I also transcribed the portion of the video where I spoke for two reasons. First, because I’d like to remember what I said, and writing helps me do that. Second, I’m a lousy speaker because I constantly lose my train of thought, and often swallow words that I really should have spoken out loud, often rendering what I’m saying difficult to piece together. So by preparing a transcript, pasted below, I can both clarify what I meant in the video as well as remember what I thought, not just what I said.

How would you grade Indian journalism at the moment, in these last two months, in terms of coverage of the COVID-19 pandemic?

The mainstream English press has been doing okay, I guess, but even then to paint it all with the same brush is very difficult because there are also very different stories to cover at a time like this. For example, many social and political issues are being covered well by specific publications. Some others are addressing different aspects of this.

In fact, if I had to pick out one aspect that I could say we’re not doing enough about is in terms of the science itself. The coronavirus outbreak is a crisis, and a large part of it is rooted in health issues, in scientific issues – much like climate change, antimicrobial resistance, etc. A lot of journalists are doing a good job of covering how this outbreak has impacted our society, our economy, etc. but there’s actually very little going into understanding how the virus really works or how epidemiologists or virologists do what they do.

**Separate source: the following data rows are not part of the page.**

(* Let $d\in\{1,2\}$. With the polymer defined using the scaling constants $c_{N,d}$ (which satisfy $\lim_{N\to\infty}c_{N,1}^2N^{1/2}=0$ if $d=1$ and $\lim_{N\to\infty}c_{N,2}^2\log N=0$ if $d=2$), the rescaled mean square displacement satisfies $$\frac{\langle \omega(N)^2\rangle_{N,h}}{N}\longrightarrow 1$$ in probability (with respect to $Q$) as $N\to\infty$.
   Context: For $N\ge 1$, $P^N_0$ is the uniform probability measure on nearest-neighbour walks $\omega:\{0,1,\dots,N\}\to\mathbb{Z}^d$ with $\omega(0)=0$ and $|\omega(n)-\omega(n-1)|=1$ (each of the $(2d)^N$ walks has weight $(2d)^{-N}$). The random environment $h=\{h(n,x):n\in\mathbb{N},x\in\mathbb{Z}^d\}$ is a family of i.i.d. random variables with $h(n,x)=\pm1$ each with probability $1/2$, defined on a probability space $(H,\mathcal{G},Q)$ and independent of the walk; $E_Q$ denotes expectation under $Q$. $(c_{N,d})_N$ is a sequence of positive numbers with $\lim_{N\to\infty}c^2_{N,1}N^{1/2}=0$ for $d=1$ and $\lim_{N\to\infty}c^2_{N,2}\log N=0$ for $d=2$. The unnormalized polymer density is $p(N,x)=\int 1_{[\omega(N)=x]}\prod_{n=1}^N[1+c_{N,d}h(n,\omega(n))]\,dP^N_0(\omega)$, the partition function is $Z(N)=\sum_x p(N,x)$, $p_N(N,x)=p(N,x)/Z(N)$, and $\langle\omega(N)^2\rangle_{N,h}=\sum_{x\in\mathbb{Z}^d}|x|^2p_N(N,x)$. *)

theory Defs
  imports "HOL-Probability.Probability"
begin

text \<open>Points of \<open>\<int>^d\<close> are represented as integer lists of length \<open>d\<close>.\<close>

definition lattice :: "nat \<Rightarrow> int list set" where
  "lattice d = {x. length x = d}"

definition unit_steps :: "nat \<Rightarrow> int list set" where
  "unit_steps d = {v. length v = d \<and> (\<Sum>i<d. \<bar>v ! i\<bar>) = 1}"

text \<open>A nearest-neighbour walk of length \<open>N\<close> started at 0 is encoded by its list of
  increments \<open>s\<close> (length \<open>N\<close>, each a unit step); \<open>walk_pos d s n = \<omega>(n)\<close>.\<close>
definition walks :: "nat \<Rightarrow> nat \<Rightarrow> int list list set" where
  "walks d N = {s. length s = N \<and> set s \<subseteq> unit_steps d}"

definition walk_pos :: "nat \<Rightarrow> int list list \<Rightarrow> nat \<Rightarrow> int list" where
  "walk_pos d s n = map (\<lambda>i. \<Sum>k<n. s ! k ! i) [0..<d]"

definition sqnorm :: "int list \<Rightarrow> real" where
  "sqnorm x = (\<Sum>i<length x. real_of_int (x ! i) ^ 2)"

text \<open>Unnormalized polymer density \<open>p(N,x)\<close> for environment \<open>h\<close> (as a function of
  \<open>n\<close> and site) and coupling constant \<open>cN\<close>:
  integral of \<open>1[\<omega>(N)=x] \<Prod>_{n=1}^N (1 + cN h(n,\<omega>(n)))\<close> against the uniform measure
  \<open>P_0^N\<close> (weight \<open>(2d)^{-N}\<close> per walk).\<close>
definition polymer_p :: "nat \<Rightarrow> real \<Rightarrow> (nat \<Rightarrow> int list \<Rightarrow> real) \<Rightarrow> nat \<Rightarrow> int list \<Rightarrow> real" where
  "polymer_p d cN h N x =
     (\<Sum>s\<in>walks d N. (if walk_pos d s N = x then 1 else 0) *
        (\<Prod>n=1..N. 1 + cN * h n (walk_pos d s n))) / (2 * real d) ^ N"

text \<open>All endpoints lie in the box \<open>{x. \<forall>i. |x_i| \<le> N}\<close>, so sums over \<open>\<int>^d\<close> of
  quantities supported on possible endpoints are taken over this finite box.\<close>
definition box :: "nat \<Rightarrow> nat \<Rightarrow> int list set" where
  "box d N = {x \<in> lattice d. \<forall>i<d. \<bar>x ! i\<bar> \<le> int N}"

definition partition_fn :: "nat \<Rightarrow> real \<Rightarrow> (nat \<Rightarrow> int list \<Rightarrow> real) \<Rightarrow> nat \<Rightarrow> real" where
  "partition_fn d cN h N = (\<Sum>x\<in>box d N. polymer_p d cN h N x)"

definition polymer_pN :: "nat \<Rightarrow> real \<Rightarrow> (nat \<Rightarrow> int list \<Rightarrow> real) \<Rightarrow> nat \<Rightarrow> int list \<Rightarrow> real" where
  "polymer_pN d cN h N x = polymer_p d cN h N x / partition_fn d cN h N"

definition mean_sq_disp :: "nat \<Rightarrow> real \<Rightarrow> (nat \<Rightarrow> int list \<Rightarrow> real) \<Rightarrow> nat \<Rightarrow> real" where
  "mean_sq_disp d cN h N = (\<Sum>x\<in>box d N. sqnorm x * polymer_pN d cN h N x)"

end

theory Submission
  imports Defs
begin

text \<open>Let \<open>W(s) = \<Prod>\<^sub>n (1 + c h(n, \<omega>\<^sub>s(n)))\<close> be the polymer weight of the walk \<open>s\<close>, and let
  \<open>Z\<^sub>N\<close>, \<open>A\<^sub>N\<close> be the averages over all walks of \<open>W(s)\<close> and of \<open>W(s) |\<omega>\<^sub>s(N)|\<^sup>2 / N\<close>, so that
  \<open>\<langle>\<omega>(N)\<^sup>2\<rangle> / N = A\<^sub>N / Z\<^sub>N\<close>. Both have mean \<open>1\<close>, since \<open>E W(s) = 1\<close> and \<open>E|\<omega>(N)|\<^sup>2 = N\<close>.
  Since \<open>E W(s) W(t) = (1 + c\<^sup>2)\<^bsup>L(s,t)\<^esup>\<close>, where \<open>L\<close> counts the meetings of the two walks, their
  second moments (together with \<open>E|\<omega>(N)|\<^sup>4 \<le> 9N\<^sup>2\<close>) are controlled by \<open>E\<^sub>s\<^sub>,\<^sub>t (1 + c\<^sup>2)\<^bsup>2L\<^esup> - 1\<close>.
  A renewal argument bounds this by a multiple of \<open>c\<^sup>2\<close> times the expected number of meetings,
  which is \<open>O(\<surd>N)\<close> for \<open>d = 1\<close> and \<open>O(log N)\<close> for \<open>d = 2\<close>; the hypotheses on \<open>c\<^sub>N\<close> make it
  vanish, and Chebyshev's inequality gives \<open>Z\<^sub>N, A\<^sub>N \<rightarrow> 1\<close> in probability.\<close>

section \<open>Nearest-neighbour walks\<close>

definition walk_coord :: "int list list \<Rightarrow> nat \<Rightarrow> nat \<Rightarrow> int" where
  "walk_coord s n i = (\<Sum>k<n. s ! k ! i)"

lemma walk_pos_eq_map_coord: "walk_pos d s n = map (walk_coord s n) [0..<d]"
  by (simp add: walk_pos_def walk_coord_def)

lemma walk_coord_0 [simp]: "walk_coord s 0 i = 0"
  by (simp add: walk_coord_def)

lemma walk_coord_Cons [simp]: "walk_coord (e # s) (Suc n) i = e ! i + walk_coord s n i"
  unfolding walk_coord_def sum.lessThan_Suc_shift by simp

lemma walks_0 [simp]: "walks d 0 = {[]}"
  by (auto simp: walks_def)

lemma walks_Suc: "walks d (Suc N) = (\<lambda>(e, s). e # s) ` (unit_steps d \<times> walks d N)"
  by (auto simp: walks_def length_Suc_conv image_iff)

lemma abs_unit_step_nth_le: "v \<in> unit_steps d \<Longrightarrow> i < d \<Longrightarrow> \<bar>v ! i\<bar> \<le> 1"
  unfolding unit_steps_def using member_le_sum[of i "{..<d}" "\<lambda>j. \<bar>v ! j\<bar>"] by auto

lemma finite_unit_steps: "finite (unit_steps d)"
proof (rule finite_subset)
  show "unit_steps d \<subseteq> {xs. set xs \<subseteq> {-1..1} \<and> length xs = d}"
    using abs_unit_step_nth_le by (fastforce simp: unit_steps_def in_set_conv_nth abs_le_iff)
  show "finite {xs. set xs \<subseteq> {-1..1::int} \<and> length xs = d}"
    by (rule finite_lists_length_eq) auto
qed

lemma finite_walks [simp]: "finite (walks d N)"
  by (induction N) (auto simp: walks_Suc finite_unit_steps)

lemma sum_walks_Suc:
  "(\<Sum>s\<in>walks d (Suc N). f s) = (\<Sum>e\<in>unit_steps d. \<Sum>s\<in>walks d N. f (e # s))"
proof -
  have "inj_on (\<lambda>(e, s). e # s) (unit_steps d \<times> walks d N)"
    by (auto simp: inj_on_def)
  then show ?thesis
    unfolding walks_Suc sum.reindex[OF \<open>inj_on _ _\<close>] by (simp add: sum.cartesian_product split_beta)
qed

lemma sum2_walks_Suc:
  "(\<Sum>s\<in>walks d (Suc N). \<Sum>t\<in>walks d (Suc N). f s t) =
   (\<Sum>e\<in>unit_steps d. \<Sum>e'\<in>unit_steps d. \<Sum>s\<in>walks d N. \<Sum>t\<in>walks d N. f (e # s) (e' # t))"
  unfolding sum_walks_Suc by (rule sum.cong[OF refl], rule sum.swap)

lemma card_walks: "card (walks d N) = card (unit_steps d) ^ N"
proof (induction N)
  case (Suc N)
  have "card (walks d (Suc N)) = (\<Sum>s\<in>walks d (Suc N). 1)" by simp
  also have "\<dots> = card (unit_steps d) * card (walks d N)"
    unfolding sum_walks_Suc by simp
  finally show ?case using Suc by simp
qed simp

lemma walk_pos_in_lattice: "walk_pos d s n \<in> lattice d"
  by (simp add: walk_pos_def lattice_def)

lemma walk_pos_eq_iff: "walk_pos d s n = walk_pos d t m \<longleftrightarrow> (\<forall>i<d. walk_coord s n i = walk_coord t m i)"
  by (auto simp: walk_pos_eq_map_coord)

lemma sqnorm_walk_pos: "sqnorm (walk_pos d s n) = (\<Sum>i<d. real_of_int (walk_coord s n i) ^ 2)"
  by (simp add: sqnorm_def walk_pos_eq_map_coord)

lemma walk_pos_in_box:
  assumes "s \<in> walks d N"
  shows "walk_pos d s N \<in> box d N"
proof -
  have "\<bar>walk_coord s N i\<bar> \<le> int N" if "i < d" for i
  proof -
    have "\<bar>walk_coord s N i\<bar> \<le> (\<Sum>k<N. \<bar>s ! k ! i\<bar>)"
      unfolding walk_coord_def by (rule sum_abs)
    also have "\<dots> \<le> (\<Sum>k<N. 1)"
      using assms that by (intro sum_mono abs_unit_step_nth_le) (auto simp: walks_def)
    finally show ?thesis by simp
  qed
  then show ?thesis by (auto simp: box_def lattice_def walk_pos_eq_map_coord)
qed

lemma finite_box: "finite (box d N)"
proof (rule finite_subset)
  show "box d N \<subseteq> {xs. set xs \<subseteq> {-int N..int N} \<and> length xs = d}"
    by (auto simp: box_def lattice_def in_set_conv_nth abs_le_iff minus_le_iff)
  show "finite {xs. set xs \<subseteq> {-int N..int N} \<and> length xs = d}"
    by (rule finite_lists_length_eq) auto
qed

lemma unit_steps_1: "unit_steps 1 = {[1], [-1]}"
proof -
  have "v \<in> unit_steps 1 \<longleftrightarrow> v = [1] \<or> v = [-1]" for v
  proof
    assume "v \<in> unit_steps 1"
    then obtain a where "v = [a]" and "\<bar>a\<bar> = 1"
      by (auto simp: unit_steps_def length_Suc_conv)
    then show "v = [1] \<or> v = [-1]" by (auto simp: abs_if split: if_splits)
  qed (auto simp: unit_steps_def)
  then show ?thesis by auto
qed

lemma unit_steps_2: "unit_steps 2 = {[1, 0], [-1, 0], [0, 1], [0, -1]}"
proof -
  have "v \<in> unit_steps 2 \<longleftrightarrow> v = [1, 0] \<or> v = [-1, 0] \<or> v = [0, 1] \<or> v = [0, -1]" for v
  proof
    assume "v \<in> unit_steps 2"
    then obtain a b where v: "v = [a, b]" and "\<bar>a\<bar> + \<bar>b\<bar> = 1"
      by (auto simp: unit_steps_def length_Suc_conv numeral_2_eq_2 lessThan_Suc)
    then have "(a = 1 \<and> b = 0) \<or> (a = -1 \<and> b = 0) \<or> (a = 0 \<and> b = 1) \<or> (a = 0 \<and> b = -1)"
      by arith
    with v show "v = [1, 0] \<or> v = [-1, 0] \<or> v = [0, 1] \<or> v = [0, -1]" by auto
  qed (auto simp: unit_steps_def numeral_2_eq_2 lessThan_Suc)
  then show ?thesis by auto
qed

One easy example is this business of testing kits. There’s a lot of controversy now about the serological tests that ICMR procured, probably at inflated prices, are not very accurate. The thing is, whenever you’re in a crisis like this and somebody’s rapidly developing kits – testing kits or ventilators or anything like that – there is always going to be a higher error rate.

Also, no test is 100% perfect. Every test is error-prone, including false positives and false negatives. But in this rush to make sure everything is covered, most of what is being elided – at least among organisations that are taking the trouble – is the science itself [of how tests are developed, why the errors are unavoidable, etc.]. That’s a significant blindspot.

But on the positive side of it, there is also a heightened awareness now of the need to understand how science works. We’ve been seeing this at The Wire, I don’t know if it applies to other organisations: there is a sort of demand… the engagement with science stories has increased. We’re using this opportunity to push out these stories, but the thing is we’re also hoping that once this pandemic ends and the crisis passes, this appreciation for science will continue, especially among journalists.

Apart from this, I don’t want to attempt any grading.

What is your reaction to the value of data journalism at this time?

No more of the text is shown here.